Terminal modification on mPEG-dendritic poly-(l)-lysine cationic diblock copolymer for efficient gene delivery

Abstract

The development of new non-viral gene vectors with the advantages of low cytotoxicity and high gene transfection efficiency is a recent trend in gene therapy. In this work, we developed a series of termini-modified mPEG-dendritic poly-(l)-lysine cationic diblock copolymers (mPEG5k-DPL4-CG) by coupling various cationic groups to the dendritic skeleton. Their molecular structures were characterized by 1H NMR, and the buffering capacities were measured by acid titration. The plasmid DNA (pDNA) binding affinities of the mPEG5k-DPL4-CG copolymers were investigated by EB displacement and agarose gel retardation assay, and the average particle size and surface charge of the polyplexes were analyzed by dynamic light scattering. Cytotoxicity and in vitro gene transfection were evaluated in several cell lines in the presence and absence of serum by the luciferase expression assay.

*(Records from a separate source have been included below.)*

lemma mpoly_eval_eq_0_on_signed_sqrt_sums:
  fixes Q :: int_mpoly and \<sigma> :: "nat \<Rightarrow> nat \<Rightarrow> real"
  assumes vars: "\<forall>\<alpha>\<in>Poly_Mapping.keys Q. Poly_Mapping.keys \<alpha> \<subseteq> {..<q}"
    and primes: "\<forall>i<q. \<forall>j<k i. prime (p i j)"
    and distinct: "inj_on (\<lambda>(i, j). p i j) (SIGMA i:{..<q}. {..<k i})"
    and signs: "\<And>i j. i < q \<Longrightarrow> j < k i \<Longrightarrow> \<sigma> i j \<in> {-1, 1}"
    and zero: "mpoly_eval Q (\<lambda>i. \<Sum>j<k i. \<sigma> i j * sqrt (real (p i j))) = 0"
    and x: "\<And>i. i < q \<Longrightarrow> x i \<in> signed_sqrt_sums (k i) (p i)"
  shows "mpoly_eval Q x = 0"
proof -
  have "\<forall>i\<in>{..<q}. \<exists>\<tau>. \<tau> \<in> {..<k i} \<rightarrow>\<^sub>E {-1, 1} \<and> x i = (\<Sum>j<k i. \<tau> j * sqrt (real (p i j)))"
    using x unfolding signed_sqrt_sums_def by blast
  then obtain \<tau> where \<tau>: "\<forall>i\<in>{..<q}. \<tau> i \<in> {..<k i} \<rightarrow>\<^sub>E {-1, 1} \<and>
      x i = (\<Sum>j<k i. \<tau> i j * sqrt (real (p i j)))"
    by (metis bchoice)
  have "mpoly_eval Q (\<lambda>i. \<Sum>j<k i. \<tau> i j * sqrt (real (p i j))) = 0"
    using zero by (rule mpoly_eval_signed_sqrt_sums_eq_0[OF vars primes distinct, rotated])
      (use signs \<tau> in \<open>auto simp: PiE_iff\<close>)
  then show ?thesis
    using \<tau> by (subst mpoly_eval_cong[OF vars]) simp_all
qed

theorem lemma2p1:
  fixes Q :: int_mpoly and q :: nat and d :: "nat \<Rightarrow> nat"
    and p :: "nat \<Rightarrow> nat \<Rightarrow> nat" and b :: "nat \<Rightarrow> nat \<Rightarrow> bool"
    and k :: "nat \<Rightarrow> nat" and \<pi> :: "nat \<Rightarrow> real"
  assumes vars: "\<forall>\<alpha>\<in>Poly_Mapping.keys Q. Poly_Mapping.keys \<alpha> \<subseteq> {..<q}"
    and deg: "\<forall>\<alpha>\<in>Poly_Mapping.keys Q. \<forall>i<q. Poly_Mapping.lookup \<alpha> i \<le> d i"
    and k_def: "\<forall>i<q. k i = nat \<lceil>log 2 (real (d i + 1))\<rceil>"
    and primes: "\<forall>i<q. \<forall>j<k i. prime (p i j)"
    and distinct: "inj_on (\<lambda>(i, j). p i j) (SIGMA i:{..<q}. {..<k i})"
    and pi_def: "\<forall>i<q. \<pi> i = (\<Sum>j<k i. (-1) ^ (if b i j then 1 else 0) * sqrt (real (p i j)))"
  shows "Q \<noteq> 0 \<longleftrightarrow> mpoly_eval Q \<pi> \<noteq> 0"
proof
  assume "mpoly_eval Q \<pi> \<noteq> 0"
  then show "Q \<noteq> 0"
    by (auto simp: mpoly_eval_def)
next
  assume "Q \<noteq> 0"
  have card: "d i < card (signed_sqrt_sums (k i) (p i))" if "i < q" for i
  proof -
    have "inj_on (p i) {..<k i}"
      using distinct that by (auto simp: inj_on_def)
    then show ?thesis
      using that primes k_def less_two_power_ceiling_log[of "d i"]
      by (subst card_signed_sqrt_sums) auto
  qed
  define \<sigma> where "\<sigma> i j = (-1 :: real) ^ (if b i j then 1 else 0)" for i j
  have signs: "\<And>i j. i < q \<Longrightarrow> j < k i \<Longrightarrow> \<sigma> i j \<in> {-1, 1}"
    by (simp add: \<sigma>_def)
  have \<pi>_eq: "mpoly_eval Q \<pi> = mpoly_eval Q (\<lambda>i. \<Sum>j<k i. \<sigma> i j * sqrt (real (p i j)))"
    using pi_def by (intro mpoly_eval_cong[OF vars]) (simp add: \<sigma>_def)
  show "mpoly_eval Q \<pi> \<noteq> 0"
  proof
    assume "mpoly_eval Q \<pi> = 0"
    then have zero: "mpoly_eval Q (\<lambda>i. \<Sum>j<k i. \<sigma> i j * sqrt (real (p i j))) = 0"
      by (simp add: \<pi>_eq)
    have "Q = 0"
      using card mpoly_eval_eq_0_on_signed_sqrt_sums[OF vars primes distinct signs zero]
      by (rule mpoly_eq_0_if_vanishes_on_grid[OF vars deg])
    with \<open>Q \<noteq> 0\<close> show False ..
  qed
qed

end
text \<open>Both sides count pairs (v, A) with A an l-subset of S inside the neighbourhood of v;
  an l-set with t common neighbours would span a K_{l,t}.\<close>
lemma sum_choose_nbhd_Int_le:
  assumes "S \<subseteq> V" "\<not> contains_Kbip V E l t"
  shows "(\<Sum>v\<in>V. card (nbhd E v \<inter> S) choose l) \<le> (t - 1) * (card S choose l)"
proof -
  have S: "finite S" using assms finite_vertices finite_subset by blast
  define P where "P = {A. A \<subseteq> S \<and> card A = l}"
  have "finite P" unfolding P_def using S by simp
  have choose_eq: "card (nbhd E v \<inter> S) choose l = card {A \<in> P. A \<subseteq> nbhd E v}" for v
  proof -
    have "{A \<in> P. A \<subseteq> nbhd E v} = {A. A \<subseteq> nbhd E v \<inter> S \<and> card A = l}" unfolding P_def by blast
    then show ?thesis using n_subsets[of "nbhd E v \<inter> S" l] S by simp
  qed
  have common_nbhd: "card {v \<in> V. A \<subseteq> nbhd E v} \<le> t - 1" if A: "A \<in> P" for A
  proof (rule ccontr)
    assume "\<not> ?thesis"
    then have "t \<le> card {v \<in> V. A \<subseteq> nbhd E v}" by simp
    then obtain B where B: "B \<subseteq> {v \<in> V. A \<subseteq> nbhd E v}" "card B = t"
      by (meson obtain_subset_with_card_n)
    have "A \<inter> B = {}" using B(1) self_notin_nbhd by blast
    moreover have "A \<subseteq> V" "card A = l" using A assms(1) unfolding P_def by auto
    moreover have "\<forall>a\<in>A. \<forall>b\<in>B. {a, b} \<in> E" using B(1) unfolding nbhd_def by blast
    ultimately have "contains_Kbip V E l t"
      unfolding contains_Kbip_def using B by (intro exI[of _ A] exI[of _ B]) auto
    then show False using assms(2) by simp
  qed
  have "(\<Sum>v\<in>V. card (nbhd E v \<inter> S) choose l) = (\<Sum>A\<in>P. card {v \<in> V. A \<subseteq> nbhd E v})"
    unfolding choose_eq by (rule sum_multicount_gen[OF finite_vertices \<open>finite P\<close>]) simp
  also have "\<dots> \<le> (\<Sum>A\<in>P. t - 1)" using common_nbhd by (rule sum_mono)
  also have "\<dots> = (t - 1) * (card S choose l)" using n_subsets[OF S] unfolding P_def by simp
  finally show ?thesis .
qed
lemma rho_alpha_root_unique:
  fixes b \<alpha> \<delta> :: real
  assumes b: "b \<noteq> 0" and a: "0 < \<alpha>" and d: "0 \<le> \<delta>"
  shows "\<exists>!\<rho>. \<rho> > 0 \<and> \<bar>b\<bar> * (1 + exp (- \<rho> * \<delta>)) * \<rho> powr (- \<alpha>) = 1"
proof -
  define f where "f \<rho> = \<bar>b\<bar> * (1 + exp (- \<rho> * \<delta>)) * \<rho> powr (- \<alpha>)" for \<rho>
  have bb: "0 < \<bar>b\<bar>" using b by simp
  define r1 where "r1 = \<bar>b\<bar> powr (1 / \<alpha>)"
  define r2 where "r2 = (2 * \<bar>b\<bar>) powr (1 / \<alpha>)"
  have r1p: "0 < r1" using bb by (simp add: r1_def)
  have r12: "r1 \<le> r2" unfolding r1_def r2_def using bb a by (intro powr_mono2) auto
  have p1: "r1 powr (- \<alpha>) = 1 / \<bar>b\<bar>"
    using bb a by (simp add: r1_def powr_powr powr_minus_divide)
  have p2: "r2 powr (- \<alpha>) = 1 / (2 * \<bar>b\<bar>)"
    using bb a by (simp add: r2_def powr_powr powr_minus_divide)
  have f1: "1 \<le> f r1" using bb by (simp add: f_def p1)
  have f2: "f r2 \<le> 1"
  proof -
    have "exp (- r2 * \<delta>) \<le> 1" using d r12 r1p by (simp add: mult_nonneg_nonneg)
    then show ?thesis using bb by (simp add: f_def p2 field_simps)
  qed
  have cont: "continuous_on {r1..r2} f"
    unfolding f_def using r1p by (intro continuous_intros) auto
  obtain r where r: "r1 \<le> r" "r \<le> r2" "f r = 1"
    using IVT2'[of f r2 1 r1, OF f2 f1 r12 cont] by blast
  have dec: "f y < f x" if "0 < x" "x < y" for x y
  proof -
    have "y powr (- \<alpha>) < x powr (- \<alpha>)" using that a by (intro powr_less_mono2_neg) auto
    moreover have "exp (- y * \<delta>) \<le> exp (- x * \<delta>)" using that d by (simp add: mult_right_mono)
    ultimately have "(1 + exp (- y * \<delta>)) * y powr (- \<alpha>) < (1 + exp (- x * \<delta>)) * x powr (- \<alpha>)"
      by (intro mult_le_less_imp_less) (auto intro: add_pos_pos)
    then show ?thesis using bb by (simp add: f_def mult.assoc)
  qed
  show ?thesis
  proof (rule ex1I[of _ r])
    show "r > 0 \<and> \<bar>b\<bar> * (1 + exp (- r * \<delta>)) * r powr (- \<alpha>) = 1" using r r1p f_def by auto
    fix y assume y: "y > 0 \<and> \<bar>b\<bar> * (1 + exp (- y * \<delta>)) * y powr (- \<alpha>) = 1"
    show "y = r"
    proof (rule ccontr)
      assume "y \<noteq> r"
      then have "y < r \<or> r < y" by auto
      then show False using dec[of y r] dec[of r y] y r r1p by (auto simp: f_def)
    qed
  qed
qed
(* Let $\tau\in\mathbb{C}$ with $\operatorname{Im}(\tau)>0$ and $|\tau|=1$, and let $\Gamma=\{m+n\tau:m,n\in\mathbb{Z}\}$. Let $I$ be an antiholomorphic involution of $\mathbb{C}/\Gamma$ induced by $z\mapsto a\bar z+b$ with $a,b\in\mathbb{C}$ and $a\notin\{1,-1\}$. Then $I$ has a fixpoint.
   Context: An antiholomorphic involution is an antiholomorphic map $I$ with $I\circ I=\mathrm{id}$. *)

theory Defs
  imports Complex_Main
begin

definition lattice :: "complex \<Rightarrow> complex set" where
  "lattice \<tau> = {of_int m + of_int n * \<tau> | m n :: int. True}"

definition antilin :: "complex \<Rightarrow> complex \<Rightarrow> complex \<Rightarrow> complex" where
  "antilin a b z = a * cnj z + b"

end

theory Submission
  imports Defs
begin

text \<open>
  Write \<sigma> z = a * cnj z. The involution hypothesis forces cmod a = 1 and
  c = a * cnj b + b \<in> \<Gamma>, and then \<sigma> c = c. A point z is fixed modulo \<Gamma>
  as soon as c = \<gamma> + \<sigma> \<gamma> for some \<gamma> \<in> \<Gamma>: take z = (b - \<gamma>) / 2.
  Since \<sigma> maps \<Gamma> into itself, a = p + s \<tau> and a * cnj \<tau> = q - p \<tau> with
  integers p, q, s, and cmod a = 1 gives p^2 + q s = 1. Here s \<noteq> 0 because
  a \<noteq> \<plusminus>1, and cmod a = 1 together with \<bar>Re \<tau>\<bar> < 1 forces p = 0 or
  \<bar>p\<bar> = \<bar>s\<bar>; either way s divides 1. With s = \<plusminus>1 the required \<gamma> is an integer.
\<close>

lemma mem_lattice_iff: "z \<in> lattice \<tau> \<longleftrightarrow> (\<exists>m n :: int. z = of_int m + of_int n * \<tau>)"
  by (auto simp: lattice_def)

lemma of_int_mem_lattice: "of_int m \<in> lattice \<tau>"
  unfolding mem_lattice_iff by (rule exI[of _ m], rule exI[of _ 0]) simp

lemma generator_mem_lattice: "\<tau> \<in> lattice \<tau>"
  unfolding mem_lattice_iff by (rule exI[of _ 0], rule exI[of _ 1]) simp

lemma lattice_diff: "z \<in> lattice \<tau> \<Longrightarrow> w \<in> lattice \<tau> \<Longrightarrow> z - w \<in> lattice \<tau>"
proof -
  assume "z \<in> lattice \<tau>" "w \<in> lattice \<tau>"
  then obtain m n m' n' :: int
    where "z = of_int m + of_int n * \<tau>" "w = of_int m' + of_int n' * \<tau>"
    by (auto simp: mem_lattice_iff)
  then have "z - w = of_int (m - m') + of_int (n - n') * \<tau>"
    by (simp add: algebra_simps)
  then show ?thesis
    unfolding mem_lattice_iff by blast
qed

lemma half_not_mem_lattice:
  assumes "Im \<tau> \<noteq> 0"
  shows "1 / 2 \<notin> lattice \<tau>"
proof
  assume "1 / 2 \<in> lattice \<tau>"
  then obtain m n :: int where half: "1 / 2 = of_int m + of_int n * \<tau>"
    by (auto simp: mem_lattice_iff)
  from arg_cong[OF half, of Im] have "n = 0"
    using assms by simp
  with arg_cong[OF half, of Re] have "(1 :: real) = 2 * of_int m"
    by simp
  then have "(1 :: int) = 2 * m"
    by linarith
  then show False
    by presburger
qed

lemma antilin_antilin: "antilin a b (antilin a b z) = a * cnj a * z + (a * cnj b + b)"
  by (simp add: antilin_def algebra_simps)

lemma antilin_involution_mod_lattice:
  assumes "Im \<tau> \<noteq> 0" and involution: "\<forall>z. antilin a b (antilin a b z) - z \<in> lattice \<tau>"
  shows "a * cnj a = 1" and "a * cnj b + b \<in> lattice \<tau>"
proof -
  define c where "c = a * cnj b + b"
  show c_mem: "a * cnj b + b \<in> lattice \<tau>"
    using involution[rule_format, of 0] by (simp add: antilin_antilin)
  show "a * cnj a = 1"
  proof (rule ccontr)
    assume "a * cnj a \<noteq> 1"
    define z where "z = (1 / 2) / (a * cnj a - 1)"
    have "(a * cnj a - 1) * z = 1 / 2"
      using \<open>a * cnj a \<noteq> 1\<close> by (simp add: z_def)
    then have "antilin a b (antilin a b z) - z - c = 1 / 2"
      by (simp add: antilin_antilin c_def algebra_simps)
    moreover have "antilin a b (antilin a b z) - z - c \<in> lattice \<tau>"
      using involution c_mem by (simp add: c_def lattice_diff)
    ultimately show False
      using half_not_mem_lattice[OF assms(1)] by metis
  qed
qed

lemma antilin_descends_lattice:
  assumes "\<forall>z w. z - w \<in> lattice \<tau> \<longrightarrow> antilin a b z - antilin a b w \<in> lattice \<tau>"
  shows "a \<in> lattice \<tau>" and "a * cnj \<tau> \<in> lattice \<tau>"
  using assms[rule_format, of 1 0] assms[rule_format, of \<tau> 0]
    of_int_mem_lattice[of 1] generator_mem_lattice[of \<tau>]
  by (simp_all add: antilin_def)

lemma cmod_lattice_point_square:
  fixes \<tau> :: complex and p s :: int
  assumes "cmod \<tau> = 1"
  shows "(cmod (of_int p + of_int s * \<tau>))\<^sup>2 = p\<^sup>2 + s\<^sup>2 + 2 * p * s * Re \<tau>"
proof -
  have "(Re \<tau>)\<^sup>2 + (Im \<tau>)\<^sup>2 = 1"
    using assms by (simp add: cmod_def)
  moreover have "(cmod (of_int p + of_int s * \<tau>))\<^sup>2
      = p\<^sup>2 + s\<^sup>2 + 2 * p * s * Re \<tau> + s\<^sup>2 * ((Re \<tau>)\<^sup>2 + (Im \<tau>)\<^sup>2 - 1)"
    unfolding cmod_power2 by (simp add: power2_eq_square algebra_simps)
  ultimately show ?thesis
    by simp
qed

lemma unit_lattice_point_abs_coeffs:
  fixes \<tau> :: complex and p s :: int
  assumes "cmod \<tau> = 1" "Im \<tau> \<noteq> 0" "cmod (of_int p + of_int s * \<tau>) = 1" "p \<noteq> 0" "s \<noteq> 0"
  shows "p\<^sup>2 = s\<^sup>2"
proof -
  define r where "r = Re \<tau>"
  have "r\<^sup>2 + (Im \<tau>)\<^sup>2 = 1"
    using assms(1) by (simp add: r_def cmod_def)
  moreover have "(Im \<tau>)\<^sup>2 > 0"
    using assms(2) by simp
  ultimately have "r\<^sup>2 < 1"
    by linarith
  then have "\<bar>r\<bar> < 1"
    by (simp only: abs_square_less_1)
  have norm: "p\<^sup>2 + s\<^sup>2 + 2 * p * s * r = 1"
    using cmod_lattice_point_square[OF assms(1), of p s] assms(3) by (simp add: r_def)
  have "- (2 * p * s * r) < 2 * \<bar>p\<bar> * \<bar>s\<bar>"
  proof -
    have "\<bar>2 * p * s * r\<bar> = 2 * \<bar>p\<bar> * \<bar>s\<bar> * \<bar>r\<bar>"
      by (simp add: abs_mult)
    also have "\<dots> < 2 * \<bar>p\<bar> * \<bar>s\<bar>"
      using \<open>\<bar>r\<bar> < 1\<close> assms(4,5) by simp
    finally show ?thesis
      by linarith
  qed
  with norm have "real_of_int ((\<bar>p\<bar> - \<bar>s\<bar>)\<^sup>2) < 1"
    by (simp add: power2_eq_square algebra_simps)
  then have "(\<bar>p\<bar> - \<bar>s\<bar>)\<^sup>2 < 1"
    by linarith
  then have "\<bar>\<bar>p\<bar> - \<bar>s\<bar>\<bar> < 1"
    by (simp only: abs_square_less_1)
  then have "\<bar>p\<bar> = \<bar>s\<bar>"
    by linarith
  then show ?thesis
    by (metis power2_abs)
qed

lemma unit_lattice_point_tau_coeff_square:
  fixes \<tau> :: complex and p s :: int
  defines "a \<equiv> of_int p + of_int s * \<tau>"
  assumes "cmod \<tau> = 1" "Im \<tau> \<noteq> 0" "cmod a = 1" "a * cnj \<tau> \<in> lattice \<tau>"
    and "a \<noteq> 1" "a \<noteq> -1"
  shows "s\<^sup>2 = 1"
proof -
  have "s \<noteq> 0"
  proof
    assume "s = 0"
    then have "\<bar>p\<bar> = 1"
      using assms(4) by (simp add: a_def)
    then show False
      using assms(6,7) \<open>s = 0\<close> by (auto simp: a_def abs_if split: if_splits)
  qed
  obtain q w :: int where q: "a * cnj \<tau> = of_int q + of_int w * \<tau>"
    using assms(5) by (auto simp: mem_lattice_iff)
  have "\<tau> * cnj \<tau> = 1"
    using complex_norm_square[of \<tau>] assms(2) by simp
  then have "a * cnj \<tau> = of_int p * cnj \<tau> + of_int s"
    by (simp add: a_def algebra_simps)
  with q have coords: "of_int q + of_int w * \<tau> = of_int p * cnj \<tau> + of_int s"
    by simp
  from arg_cong[OF coords, of Im]
  have "Im \<tau> * of_int (w + p) = 0"
    by (simp add: algebra_simps)
  then have "w = - p"
    using assms(3) by simp
  with arg_cong[OF coords, of Re]
  have "real_of_int q = 2 * p * Re \<tau> + s"
    by simp
  moreover have "p\<^sup>2 + s\<^sup>2 + 2 * p * s * Re \<tau> = 1"
    using cmod_lattice_point_square[OF assms(2), of p s] assms(4) by (simp add: a_def)
  ultimately have "real_of_int (p\<^sup>2 + q * s) = 1"
    by (simp add: power2_eq_square algebra_simps)
  then have pqs: "p\<^sup>2 + q * s = 1"
    by linarith
  have "s dvd p\<^sup>2"
    using unit_lattice_point_abs_coeffs[OF assms(2,3) assms(4)[unfolded a_def] _ \<open>s \<noteq> 0\<close>]
    by (cases "p = 0") (simp_all add: power2_eq_square)
  then have "s dvd 1"
    by (metis pqs dvd_add dvd_triv_right)
  then have "\<bar>s\<bar> = 1"
    by simp
  then show ?thesis
    by (metis power2_abs one_power2)
qed

lemma fixed_lattice_point_is_trace:
  fixes \<tau> c :: complex and p s :: int
  defines "a \<equiv> of_int p + of_int s * \<tau>"
  assumes "Im \<tau> \<noteq> 0" "s\<^sup>2 = 1" "c \<in> lattice \<tau>" "a * cnj c = c"
  shows "\<exists>\<gamma> \<in> lattice \<tau>. \<gamma> + a * cnj \<gamma> = c"
proof -
  obtain x y :: int where c: "c = of_int x + of_int y * \<tau>"
    using assms(4) by (auto simp: mem_lattice_iff)
  from arg_cong[OF assms(5), of Im]
  have "Im \<tau> * of_int (s * x) = Im \<tau> * of_int ((1 + p) * y)"
    by (simp add: a_def c algebra_simps)
  then have "s * x = (1 + p) * y"
    using assms(2) by (simp flip: of_int_mult)
  then have "s * y * (1 + p) = x"
    using assms(3) by (metis mult.assoc mult.commute mult.left_neutral power2_eq_square)
  have "of_int (s * y) + a * cnj (of_int (s * y)) = of_int (s * y * (1 + p)) + of_int (s * s * y) * \<tau>"
    by (simp add: a_def algebra_simps)
  also have "\<dots> = c"
    using \<open>s * y * (1 + p) = x\<close> assms(3) by (simp add: c power2_eq_square)
  finally show ?thesis
    using of_int_mem_lattice by blast
qed

lemma antilin_shifted_half:
  assumes "\<gamma> + a * cnj \<gamma> = a * cnj b + b"
  shows "antilin a b ((b - \<gamma>) / 2) - (b - \<gamma>) / 2 = \<gamma>"
proof -
  have "antilin a b ((b - \<gamma>) / 2) - (b - \<gamma>) / 2 = (a * cnj b + b - a * cnj \<gamma> + \<gamma>) / 2"
    by (simp add: antilin_def field_simps)
  also have "\<dots> = \<gamma>"
    using assms by (simp add: field_simps)
  finally show ?thesis .
qed

theorem lemma2p7:
  fixes \<tau> a b :: complex
  assumes "Im \<tau> > 0" and "cmod \<tau> = 1"
    and descends: "\<forall>z w. z - w \<in> lattice \<tau> \<longrightarrow> antilin a b z - antilin a b w \<in> lattice \<tau>"
    and involution: "\<forall>z. antilin a b (antilin a b z) - z \<in> lattice \<tau>"
    and "a \<noteq> 1" and "a \<noteq> -1"
  shows "\<exists>z. antilin a b z - z \<in> lattice \<tau>"
proof -
  have Im\<tau>: "Im \<tau> \<noteq> 0"
    using assms(1) by simp
  note unit = antilin_involution_mod_lattice[OF Im\<tau> involution]
  obtain p s :: int where a: "a = of_int p + of_int s * \<tau>"
    using antilin_descends_lattice(1)[OF descends] by (auto simp: mem_lattice_iff)
  have "cmod a = 1"
    using unit(1) by (metis abs_norm_cancel abs_square_eq_1 complex_norm_square of_real_eq_1_iff)
  then have "s\<^sup>2 = 1"
    using unit_lattice_point_tau_coeff_square[OF assms(2) Im\<tau>, of p s] a
      antilin_descends_lattice(2)[OF descends] assms(5,6)
    by simp
  moreover have "a * cnj (a * cnj b + b) = a * cnj b + b"
    using unit(1) by (simp add: algebra_simps)
  ultimately obtain \<gamma> where "\<gamma> \<in> lattice \<tau>" "\<gamma> + a * cnj \<gamma> = a * cnj b + b"
    using fixed_lattice_point_is_trace[OF Im\<tau> _ unit(2)] a by blast
  then show ?thesis
    using antilin_shifted_half by metis
qed

end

The results indicated that the low molecular weight polyethylenimine (PEI800) termini-modified copolymer, mPEG5k-DPL4-PEI800, possessed high pDNA binding affinity, low cytotoxicity, and high gene transfection capability which were maintained in the presence of serum (10% FBS). It is worth noting that the gene delivery efficiency of the dendritic poly-(l)-lysine gene vector was enhanced by termini modification of suitable cationic blocks. The low cytotoxicity and serum-resistance properties of mPEG5k-DPL4-PEI800 make it a potential long-circulating gene vector in gene therapy applications.